[Exercise description]: All lines at or after the one containing "then obtain p s", up to the last line of the material, must be repeated exactly, and no others.
··· Available data
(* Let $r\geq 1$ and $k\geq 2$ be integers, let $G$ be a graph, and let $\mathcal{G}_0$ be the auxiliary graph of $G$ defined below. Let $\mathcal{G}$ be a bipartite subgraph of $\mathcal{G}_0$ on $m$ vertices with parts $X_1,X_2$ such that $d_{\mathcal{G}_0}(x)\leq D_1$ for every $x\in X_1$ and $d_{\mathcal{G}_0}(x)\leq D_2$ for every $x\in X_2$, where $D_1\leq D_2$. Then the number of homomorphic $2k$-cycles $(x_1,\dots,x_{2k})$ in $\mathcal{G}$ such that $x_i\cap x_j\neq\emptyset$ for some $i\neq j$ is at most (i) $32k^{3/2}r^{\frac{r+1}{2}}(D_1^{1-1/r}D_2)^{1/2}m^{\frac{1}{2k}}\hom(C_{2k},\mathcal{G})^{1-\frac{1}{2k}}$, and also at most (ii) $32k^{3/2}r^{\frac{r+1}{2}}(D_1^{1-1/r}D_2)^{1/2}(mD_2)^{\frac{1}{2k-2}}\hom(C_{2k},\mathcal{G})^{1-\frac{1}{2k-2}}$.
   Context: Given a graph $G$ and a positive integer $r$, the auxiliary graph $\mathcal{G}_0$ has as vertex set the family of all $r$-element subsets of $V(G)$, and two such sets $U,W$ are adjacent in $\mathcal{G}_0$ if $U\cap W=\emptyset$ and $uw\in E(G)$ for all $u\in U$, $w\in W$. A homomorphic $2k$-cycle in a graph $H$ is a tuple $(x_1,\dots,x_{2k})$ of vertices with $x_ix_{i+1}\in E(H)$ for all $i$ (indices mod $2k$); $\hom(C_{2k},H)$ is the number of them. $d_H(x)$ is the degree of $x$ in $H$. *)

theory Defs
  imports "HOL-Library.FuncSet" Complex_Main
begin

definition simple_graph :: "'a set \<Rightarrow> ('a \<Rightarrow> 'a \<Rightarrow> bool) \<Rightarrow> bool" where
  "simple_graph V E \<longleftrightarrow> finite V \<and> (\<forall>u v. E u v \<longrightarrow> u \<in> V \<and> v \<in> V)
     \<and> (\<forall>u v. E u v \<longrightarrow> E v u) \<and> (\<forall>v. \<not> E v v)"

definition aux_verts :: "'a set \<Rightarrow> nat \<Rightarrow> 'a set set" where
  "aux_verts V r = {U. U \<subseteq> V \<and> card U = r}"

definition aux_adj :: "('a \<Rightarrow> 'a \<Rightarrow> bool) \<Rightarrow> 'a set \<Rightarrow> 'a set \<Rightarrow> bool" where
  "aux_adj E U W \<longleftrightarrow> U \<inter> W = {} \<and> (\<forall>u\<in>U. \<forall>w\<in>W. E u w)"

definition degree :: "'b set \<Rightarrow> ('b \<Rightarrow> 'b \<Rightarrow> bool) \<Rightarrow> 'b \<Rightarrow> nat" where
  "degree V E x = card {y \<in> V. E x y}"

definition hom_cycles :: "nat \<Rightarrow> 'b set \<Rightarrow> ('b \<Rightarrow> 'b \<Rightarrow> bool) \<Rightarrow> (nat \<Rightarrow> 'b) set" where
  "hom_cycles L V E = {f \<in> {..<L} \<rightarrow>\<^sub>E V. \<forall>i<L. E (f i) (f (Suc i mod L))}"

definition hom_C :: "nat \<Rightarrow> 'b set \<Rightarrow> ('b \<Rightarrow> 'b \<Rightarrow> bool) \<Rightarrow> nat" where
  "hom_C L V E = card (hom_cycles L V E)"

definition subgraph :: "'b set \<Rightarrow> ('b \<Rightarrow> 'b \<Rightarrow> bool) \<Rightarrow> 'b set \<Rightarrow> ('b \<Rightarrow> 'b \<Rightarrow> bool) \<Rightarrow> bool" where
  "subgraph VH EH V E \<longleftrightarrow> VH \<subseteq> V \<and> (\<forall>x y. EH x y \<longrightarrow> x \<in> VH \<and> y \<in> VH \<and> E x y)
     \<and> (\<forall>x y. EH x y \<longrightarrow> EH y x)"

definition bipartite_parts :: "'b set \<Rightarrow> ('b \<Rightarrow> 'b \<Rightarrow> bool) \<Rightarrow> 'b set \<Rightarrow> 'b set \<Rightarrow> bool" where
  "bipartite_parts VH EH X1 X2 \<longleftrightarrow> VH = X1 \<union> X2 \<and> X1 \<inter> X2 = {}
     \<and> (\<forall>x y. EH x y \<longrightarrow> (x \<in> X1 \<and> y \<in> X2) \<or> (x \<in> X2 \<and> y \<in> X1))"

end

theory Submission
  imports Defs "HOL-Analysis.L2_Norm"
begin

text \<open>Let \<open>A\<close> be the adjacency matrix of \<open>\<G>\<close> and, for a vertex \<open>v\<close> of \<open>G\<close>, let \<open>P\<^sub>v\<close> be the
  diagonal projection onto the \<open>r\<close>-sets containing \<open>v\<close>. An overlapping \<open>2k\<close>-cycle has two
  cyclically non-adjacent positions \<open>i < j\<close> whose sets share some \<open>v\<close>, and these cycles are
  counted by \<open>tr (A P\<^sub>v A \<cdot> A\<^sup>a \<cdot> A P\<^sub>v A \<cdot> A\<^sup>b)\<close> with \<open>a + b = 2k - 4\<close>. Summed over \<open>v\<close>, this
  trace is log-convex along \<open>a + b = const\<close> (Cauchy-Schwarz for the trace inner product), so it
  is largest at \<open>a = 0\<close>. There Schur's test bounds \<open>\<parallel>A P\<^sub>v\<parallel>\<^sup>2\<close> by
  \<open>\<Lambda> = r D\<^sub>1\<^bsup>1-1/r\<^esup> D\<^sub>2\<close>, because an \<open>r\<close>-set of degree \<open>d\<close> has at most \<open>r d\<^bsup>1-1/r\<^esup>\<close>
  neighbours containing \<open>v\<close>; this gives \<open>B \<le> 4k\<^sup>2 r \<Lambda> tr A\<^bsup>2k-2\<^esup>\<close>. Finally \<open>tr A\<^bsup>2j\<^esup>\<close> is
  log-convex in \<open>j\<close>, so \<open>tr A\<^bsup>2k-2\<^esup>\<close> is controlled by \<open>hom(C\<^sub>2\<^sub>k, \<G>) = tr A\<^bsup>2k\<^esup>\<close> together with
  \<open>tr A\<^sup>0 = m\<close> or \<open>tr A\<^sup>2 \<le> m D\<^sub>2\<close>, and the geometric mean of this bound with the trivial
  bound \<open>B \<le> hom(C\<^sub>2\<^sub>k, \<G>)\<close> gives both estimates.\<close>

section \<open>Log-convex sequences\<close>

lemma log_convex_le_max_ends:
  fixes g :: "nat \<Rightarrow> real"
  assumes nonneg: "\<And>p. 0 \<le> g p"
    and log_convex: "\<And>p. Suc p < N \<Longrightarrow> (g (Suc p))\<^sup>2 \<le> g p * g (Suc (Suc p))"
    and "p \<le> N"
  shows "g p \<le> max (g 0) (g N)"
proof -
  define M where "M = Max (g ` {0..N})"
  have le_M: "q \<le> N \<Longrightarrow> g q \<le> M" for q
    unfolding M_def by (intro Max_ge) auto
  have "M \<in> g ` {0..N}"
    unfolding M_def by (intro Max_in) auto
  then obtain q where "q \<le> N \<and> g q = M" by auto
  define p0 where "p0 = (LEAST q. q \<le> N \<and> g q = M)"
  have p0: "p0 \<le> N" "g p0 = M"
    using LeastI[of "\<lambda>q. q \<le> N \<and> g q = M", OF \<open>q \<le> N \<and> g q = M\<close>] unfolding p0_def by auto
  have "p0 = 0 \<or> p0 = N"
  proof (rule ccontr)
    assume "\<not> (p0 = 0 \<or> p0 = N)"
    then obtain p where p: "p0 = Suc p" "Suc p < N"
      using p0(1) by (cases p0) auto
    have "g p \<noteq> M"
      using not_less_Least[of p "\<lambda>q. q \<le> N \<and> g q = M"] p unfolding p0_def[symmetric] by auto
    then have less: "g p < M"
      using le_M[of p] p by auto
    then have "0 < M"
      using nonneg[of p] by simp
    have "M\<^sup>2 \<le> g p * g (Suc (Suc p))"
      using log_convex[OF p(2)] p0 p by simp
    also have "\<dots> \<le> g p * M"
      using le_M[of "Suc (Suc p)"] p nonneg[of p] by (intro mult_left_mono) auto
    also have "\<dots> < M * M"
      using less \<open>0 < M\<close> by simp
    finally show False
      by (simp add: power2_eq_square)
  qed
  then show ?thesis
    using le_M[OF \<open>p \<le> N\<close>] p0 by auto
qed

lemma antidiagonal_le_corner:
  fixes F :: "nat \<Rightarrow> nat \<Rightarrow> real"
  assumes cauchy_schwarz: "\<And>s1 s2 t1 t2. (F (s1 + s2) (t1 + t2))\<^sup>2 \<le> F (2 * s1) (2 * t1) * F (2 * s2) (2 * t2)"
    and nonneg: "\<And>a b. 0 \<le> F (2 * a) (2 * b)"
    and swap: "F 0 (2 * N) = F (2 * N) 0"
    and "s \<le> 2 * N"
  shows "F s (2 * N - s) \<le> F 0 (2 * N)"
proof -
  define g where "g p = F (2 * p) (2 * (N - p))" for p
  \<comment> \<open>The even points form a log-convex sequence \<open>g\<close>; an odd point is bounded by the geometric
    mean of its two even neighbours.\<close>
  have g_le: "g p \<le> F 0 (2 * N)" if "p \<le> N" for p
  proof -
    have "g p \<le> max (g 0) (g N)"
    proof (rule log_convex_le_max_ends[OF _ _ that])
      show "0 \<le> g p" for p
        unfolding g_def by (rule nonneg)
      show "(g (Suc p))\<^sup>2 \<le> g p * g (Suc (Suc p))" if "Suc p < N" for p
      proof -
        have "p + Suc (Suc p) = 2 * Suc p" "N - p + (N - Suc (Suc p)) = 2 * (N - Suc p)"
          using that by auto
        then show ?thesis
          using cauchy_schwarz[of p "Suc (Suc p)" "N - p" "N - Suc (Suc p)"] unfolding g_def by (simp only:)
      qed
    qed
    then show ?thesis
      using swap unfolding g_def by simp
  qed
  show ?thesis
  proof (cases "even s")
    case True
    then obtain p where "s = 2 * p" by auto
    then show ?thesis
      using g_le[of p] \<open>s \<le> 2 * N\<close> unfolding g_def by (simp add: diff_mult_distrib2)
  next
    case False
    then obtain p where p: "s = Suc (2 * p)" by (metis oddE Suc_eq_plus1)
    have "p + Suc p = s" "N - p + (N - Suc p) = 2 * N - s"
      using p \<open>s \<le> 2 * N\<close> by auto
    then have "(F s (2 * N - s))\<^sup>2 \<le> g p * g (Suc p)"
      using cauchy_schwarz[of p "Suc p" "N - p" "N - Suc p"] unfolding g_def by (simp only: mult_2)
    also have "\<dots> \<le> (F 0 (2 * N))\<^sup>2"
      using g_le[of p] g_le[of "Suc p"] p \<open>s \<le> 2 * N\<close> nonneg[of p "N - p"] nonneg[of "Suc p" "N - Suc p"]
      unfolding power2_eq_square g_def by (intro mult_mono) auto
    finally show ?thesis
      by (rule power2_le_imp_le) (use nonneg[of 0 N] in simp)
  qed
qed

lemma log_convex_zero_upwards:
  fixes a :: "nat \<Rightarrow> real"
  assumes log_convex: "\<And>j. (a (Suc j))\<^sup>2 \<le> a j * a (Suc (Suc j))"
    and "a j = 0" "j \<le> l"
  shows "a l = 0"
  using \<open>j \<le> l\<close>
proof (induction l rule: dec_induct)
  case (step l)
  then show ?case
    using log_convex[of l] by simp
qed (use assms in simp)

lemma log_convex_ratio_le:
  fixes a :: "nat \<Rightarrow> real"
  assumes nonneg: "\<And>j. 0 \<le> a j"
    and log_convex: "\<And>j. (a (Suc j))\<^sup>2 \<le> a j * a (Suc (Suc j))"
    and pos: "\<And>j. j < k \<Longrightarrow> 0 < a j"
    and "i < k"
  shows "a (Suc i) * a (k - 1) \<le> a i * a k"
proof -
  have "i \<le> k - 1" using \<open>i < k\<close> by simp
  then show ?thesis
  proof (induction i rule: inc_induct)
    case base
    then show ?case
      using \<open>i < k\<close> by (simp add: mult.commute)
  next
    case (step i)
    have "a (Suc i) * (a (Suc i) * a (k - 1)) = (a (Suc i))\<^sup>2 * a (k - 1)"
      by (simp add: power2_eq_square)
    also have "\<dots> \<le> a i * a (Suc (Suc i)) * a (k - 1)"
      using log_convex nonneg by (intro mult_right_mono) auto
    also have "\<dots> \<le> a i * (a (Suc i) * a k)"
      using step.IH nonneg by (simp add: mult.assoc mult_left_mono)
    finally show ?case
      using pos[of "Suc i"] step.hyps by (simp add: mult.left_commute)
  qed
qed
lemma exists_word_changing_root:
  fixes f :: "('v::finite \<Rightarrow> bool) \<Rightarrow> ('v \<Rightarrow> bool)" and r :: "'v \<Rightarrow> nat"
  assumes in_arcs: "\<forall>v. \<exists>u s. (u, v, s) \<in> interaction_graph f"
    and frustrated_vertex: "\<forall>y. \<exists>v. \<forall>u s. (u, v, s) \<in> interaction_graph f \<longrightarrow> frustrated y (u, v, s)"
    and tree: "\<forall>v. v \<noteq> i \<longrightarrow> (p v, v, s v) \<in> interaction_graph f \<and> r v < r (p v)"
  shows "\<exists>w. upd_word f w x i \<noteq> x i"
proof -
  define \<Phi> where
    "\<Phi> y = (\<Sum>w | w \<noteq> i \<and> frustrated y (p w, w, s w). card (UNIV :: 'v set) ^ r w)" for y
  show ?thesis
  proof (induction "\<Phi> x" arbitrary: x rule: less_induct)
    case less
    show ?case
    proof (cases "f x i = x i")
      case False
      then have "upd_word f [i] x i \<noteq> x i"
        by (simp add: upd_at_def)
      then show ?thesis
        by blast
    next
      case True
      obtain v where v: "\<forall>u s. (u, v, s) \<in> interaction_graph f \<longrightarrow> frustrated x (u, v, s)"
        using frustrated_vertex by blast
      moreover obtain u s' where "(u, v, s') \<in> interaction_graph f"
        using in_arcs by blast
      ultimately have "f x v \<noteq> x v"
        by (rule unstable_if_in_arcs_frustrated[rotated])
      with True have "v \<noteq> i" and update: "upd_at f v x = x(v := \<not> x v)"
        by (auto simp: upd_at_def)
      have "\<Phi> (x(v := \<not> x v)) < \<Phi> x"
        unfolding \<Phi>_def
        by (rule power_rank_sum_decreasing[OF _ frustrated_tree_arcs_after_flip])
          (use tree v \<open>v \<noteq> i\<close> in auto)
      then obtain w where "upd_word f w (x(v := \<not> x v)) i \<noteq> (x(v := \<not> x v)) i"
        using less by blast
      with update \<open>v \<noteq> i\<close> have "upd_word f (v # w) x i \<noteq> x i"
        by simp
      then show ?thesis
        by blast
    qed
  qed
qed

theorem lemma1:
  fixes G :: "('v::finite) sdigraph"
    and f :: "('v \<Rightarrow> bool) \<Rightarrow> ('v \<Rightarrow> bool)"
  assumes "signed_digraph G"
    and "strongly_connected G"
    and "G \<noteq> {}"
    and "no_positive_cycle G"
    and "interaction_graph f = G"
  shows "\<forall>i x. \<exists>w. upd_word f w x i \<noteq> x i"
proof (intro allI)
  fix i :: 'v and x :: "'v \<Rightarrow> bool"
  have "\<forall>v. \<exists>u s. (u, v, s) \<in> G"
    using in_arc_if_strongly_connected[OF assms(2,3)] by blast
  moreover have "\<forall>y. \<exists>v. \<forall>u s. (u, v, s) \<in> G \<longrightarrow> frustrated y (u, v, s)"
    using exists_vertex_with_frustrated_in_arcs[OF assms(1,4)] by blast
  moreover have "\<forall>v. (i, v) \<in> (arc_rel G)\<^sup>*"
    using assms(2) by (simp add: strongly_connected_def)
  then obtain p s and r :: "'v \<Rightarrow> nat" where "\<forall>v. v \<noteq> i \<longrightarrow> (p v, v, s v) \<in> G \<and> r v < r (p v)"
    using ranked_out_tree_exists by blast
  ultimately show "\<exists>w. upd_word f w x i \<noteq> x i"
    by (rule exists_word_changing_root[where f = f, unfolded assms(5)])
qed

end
······
[Written answer]:
  then obtain p s and r :: "'v \<Rightarrow> nat" where "\<forall>v. v \<noteq> i \<longrightarrow> (p v, v, s v) \<in> G \<and> r v < r (p v)"
    using ranked_out_tree_exists by blast
  ultimately show "\<exists>w. upd_word f w x i \<noteq> x i"
    by (rule exists_word_changing_root[where f = f, unfolded assms(5)])
qed

end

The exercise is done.